The 411 on Revenue Ruling

When it comes to understanding the legal side of things, one concept to be aware of is “revenue ruling.” Generally, the IRS releases revenue rulings to interpret or clarify the meaning of U.S. tax law, most commonly the Internal Revenue Code. Revenue rulings are official IRS pronouncements; they explain how the law is applied in specific circumstances. They also provide guidance on a variety of topics and provide a basis for accurately predicting taxpayer obligations.

When the IRS issues a revenue ruling, it applies prospectively from the date of its release. Such rulings may be a helpful reference when taxpayers are planning their affairs or considering tax strategies. Because revenue rulings are binding, taxpayers may rely upon them when filing their taxes.

In addition to being ruled on by the IRS, revenue rulings can also be litigated in court. When a court does rule on a revenue matter, it is customary for the IRS to update the existing revenue ruling with the court ruling. This is done in order to provide clarity and guidance for future reference.
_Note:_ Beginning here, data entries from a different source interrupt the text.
lemma brC_axis:
  "bilinear B \<Longrightarrow> brC B (axis c 1) (axis d 1) $ i = complex_of_real (B (axis c 1) (axis d 1) $ i)"
  by (simp add: brC_def cre_axis cim_axis bilinear_lzero bilinear_rzero cpx_def complex_of_real_def)

lemma clinear_functional_gC_left: "bilinear g \<Longrightarrow> clinear_functional (\<lambda>x. gC g x y)"
  unfolding clinear_functional_def gC_def
  by (simp add: complex_eq_iff bilinear_ladd bilinear_lsub bilinear_lmul algebra_simps)

lemma clinear_functional_gC_right: "bilinear g \<Longrightarrow> clinear_functional (gC g x)"
  unfolding clinear_functional_def gC_def
  by (simp add: complex_eq_iff bilinear_radd bilinear_rsub bilinear_rmul algebra_simps)

section \<open>Powers of the Kaehler form and type components\<close>

lemma multilinear_kform:
  assumes J: "linear J" and g: "bilinear g"
  shows "multilinear 2 (kform J g)"
  unfolding multilinear_def
proof (intro allI impI)
  fix ys :: "(complex^'a) list" and i :: nat
  assume len: "length ys = 2" and "i < 2"
  then consider "i = 0" | "i = 1" by linarith
  then show "clinear_functional (\<lambda>w. kform J g (ys[i := w]))"
  proof cases
    case 1
    have "clinear_functional (\<lambda>w. gC g (JC J w) (ys ! 1))"
      by (rule clinear_functional_compose[OF clinear_functional_gC_left[OF g] clinear_map_JC[OF J]])
    then show ?thesis using 1 len by (simp add: kform_def)
  next
    case 2
    then show ?thesis using len clinear_functional_gC_right[OF g] by (simp add: kform_def)
  qed
qed

lemma map_nth_list_update_permutes:
  assumes s: "\<sigma> permutes {..<N}" and len: "length xs = N" and l: "l < N" and b: "b \<le> N"
  shows "map (\<lambda>i. xs[l := w] ! \<sigma> i) [a..<b] =
    (if a \<le> inv \<sigma> l \<and> inv \<sigma> l < b then (map (\<lambda>i. xs ! \<sigma> i) [a..<b])[inv \<sigma> l - a := w]
     else map (\<lambda>i. xs ! \<sigma> i) [a..<b])"
proof -
  have iff: "l = \<sigma> x \<longleftrightarrow> x = inv \<sigma> l" for x using permutes_inverses[OF s] by metis
  have lt: "\<sigma> x < N" if "x < N" for x using permutes_in_image[OF s] that by auto
  show ?thesis
    by (rule nth_equalityI) (use len b lt l in \<open>auto simp: nth_list_update iff\<close>)
qed

lemma alternating_wedge: "alternating (p + q) (wedge p q \<alpha> \<beta>)"
  unfolding alternating_def
proof (intro allI impI)
  fix xs :: "(complex^'a) list"
  assume "length xs = p + q" and "\<not> distinct xs"
  then obtain i j where ij: "i < p + q" "j < p + q" "i \<noteq> j" "xs ! i = xs ! j"
    by (auto simp: distinct_conv_nth)
  define P where "P = {\<sigma>. \<sigma> permutes {..<p+q}}"
  define \<tau> where "\<tau> = Transposition.transpose i j"
  define f where "f = (\<lambda>\<sigma>. of_int (sign \<sigma>) *
      \<alpha> (map (\<lambda>i. xs ! \<sigma> i) [0..<p]) * \<beta> (map (\<lambda>i. xs ! \<sigma> i) [p..<p+q]) :: complex)"
  have \<tau>P: "\<tau> permutes {..<p+q}" unfolding \<tau>_def using ij by (intro permutes_swap_id) auto
  have xs\<tau>: "xs ! \<tau> m = xs ! m" for m
    using ij by (cases "m = i"; cases "m = j") (auto simp: \<tau>_def)
  have "sum f P = sum (\<lambda>\<sigma>. f (\<tau> \<circ> \<sigma>)) P"
    by (rule sum.reindex_bij_witness[where i="\<lambda>\<sigma>. \<tau> \<circ> \<sigma>" and j="\<lambda>\<sigma>. \<tau> \<circ> \<sigma>"])
       (auto simp: P_def comp_assoc[symmetric] \<tau>_def intro: permutes_compose[OF _ \<tau>P, unfolded \<tau>_def])
  also have "\<dots> = sum (\<lambda>\<sigma>. - f \<sigma>) P"
  proof (rule sum.cong[OF refl])
    fix \<sigma> assume "\<sigma> \<in> P"
    then have "sign (\<tau> \<circ> \<sigma>) = sign \<tau> * sign \<sigma>"
      by (intro sign_compose) (use \<tau>P in \<open>auto simp: P_def intro: permutes_imp_permutation\<close>)
    moreover have "sign \<tau> = -1" using ij by (simp add: \<tau>_def sign_swap_id)
    ultimately show "f (\<tau> \<circ> \<sigma>) = - f \<sigma>" by (simp add: f_def xs\<tau>)
  qed
  finally have "sum f P = 0" by (simp add: sum_negf)
  then show "wedge p q \<alpha> \<beta> xs = 0" unfolding wedge_def f_def P_def by simp
qed

lemma multilinear_wedge:
  assumes a: "multilinear p \<alpha>" and b: "multilinear q \<beta>"
  shows "multilinear (p + q) (wedge p q \<alpha> \<beta>)"
  unfolding multilinear_def
proof (intro allI impI)
  fix xs :: "(complex^'a) list" and l
  assume len: "length xs = p + q" and l: "l < p + q"
  define P where "P = {\<sigma>. \<sigma> permutes {..<p+q}}"
  have summand: "clinear_functional (\<lambda>w. of_int (sign \<sigma>) * \<alpha> (map (\<lambda>i. xs[l:=w] ! \<sigma> i) [0..<p]) *
                \<beta> (map (\<lambda>i. xs[l:=w] ! \<sigma> i) [p..<p+q]))" if "\<sigma> \<in> P" for \<sigma>
  proof -
    have s: "\<sigma> permutes {..<p+q}" using that by (simp add: P_def)
    have m: "inv \<sigma> l < p + q" using permutes_in_image[OF permutes_inv[OF s]] l by auto
    note upd = map_nth_list_update_permutes[OF s len l]
    show ?thesis
    proof (cases "inv \<sigma> l < p")
      case True
      have e1: "map (\<lambda>i. xs[l := w] ! \<sigma> i) [0..<p] = (map (\<lambda>i. xs ! \<sigma> i) [0..<p])[inv \<sigma> l := w]"
        and e2: "map (\<lambda>i. xs[l := w] ! \<sigma> i) [p..<p+q] = map (\<lambda>i. xs ! \<sigma> i) [p..<p+q]" for w
        using True upd[where a=0 and b=p] upd[where a=p and b="p+q"] by simp_all
      have "clinear_functional (\<lambda>w. \<alpha> ((map (\<lambda>i. xs ! \<sigma> i) [0..<p])[inv \<sigma> l := w]))"
        using True by (intro multilinearD[OF a]) auto
      then show ?thesis unfolding e1 e2 by (intro clinear_functional_mult_left clinear_functional_mult_right)
    next
      case False
      have e1: "map (\<lambda>i. xs[l := w] ! \<sigma> i) [0..<p] = map (\<lambda>i. xs ! \<sigma> i) [0..<p]"
        and e2: "map (\<lambda>i. xs[l := w] ! \<sigma> i) [p..<p+q] = (map (\<lambda>i. xs ! \<sigma> i) [p..<p+q])[inv \<sigma> l - p := w]"
        for w using False m upd[where a=0 and b=p] upd[where a=p and b="p+q"] by simp_all
      have "clinear_functional (\<lambda>w. \<beta> ((map (\<lambda>i. xs ! \<sigma> i) [p..<p+q])[inv \<sigma> l - p := w]))"
        using False m by (intro multilinearD[OF b]) auto
      then show ?thesis unfolding e1 e2 by (intro clinear_functional_mult_left)
    qed
  qed
  have "finite P" unfolding P_def by (rule finite_permutations) simp
  then show "clinear_functional (\<lambda>w. wedge p q \<alpha> \<beta> (xs[l := w]))"
    unfolding wedge_def P_def[symmetric]
    by (intro clinear_functional_mult_left clinear_functional_sum_fun summand)
qed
Examples of Revenue Rulings

To give you a better understanding of what comprises a revenue ruling, let’s look at some examples. Revenue Rulings 2001-1 and 2001-2, for instance, say that dividends declared by homeowners’ associations are to be treated as income for federal income tax purposes. Another example is Revenue Ruling 2003-17, which clarified the deductibility of certain fees and expenses associated with self-directed 401k plans.

Generally, revenue rulings provide helpful information on how the IRS interprets a given law, as well as any potential consequences or penalties if an individual or business fails to comply. If you’re ever in doubt about a tax law or regulation, it’s a good idea to check a revenue ruling on the IRS website to get clarification and certainty.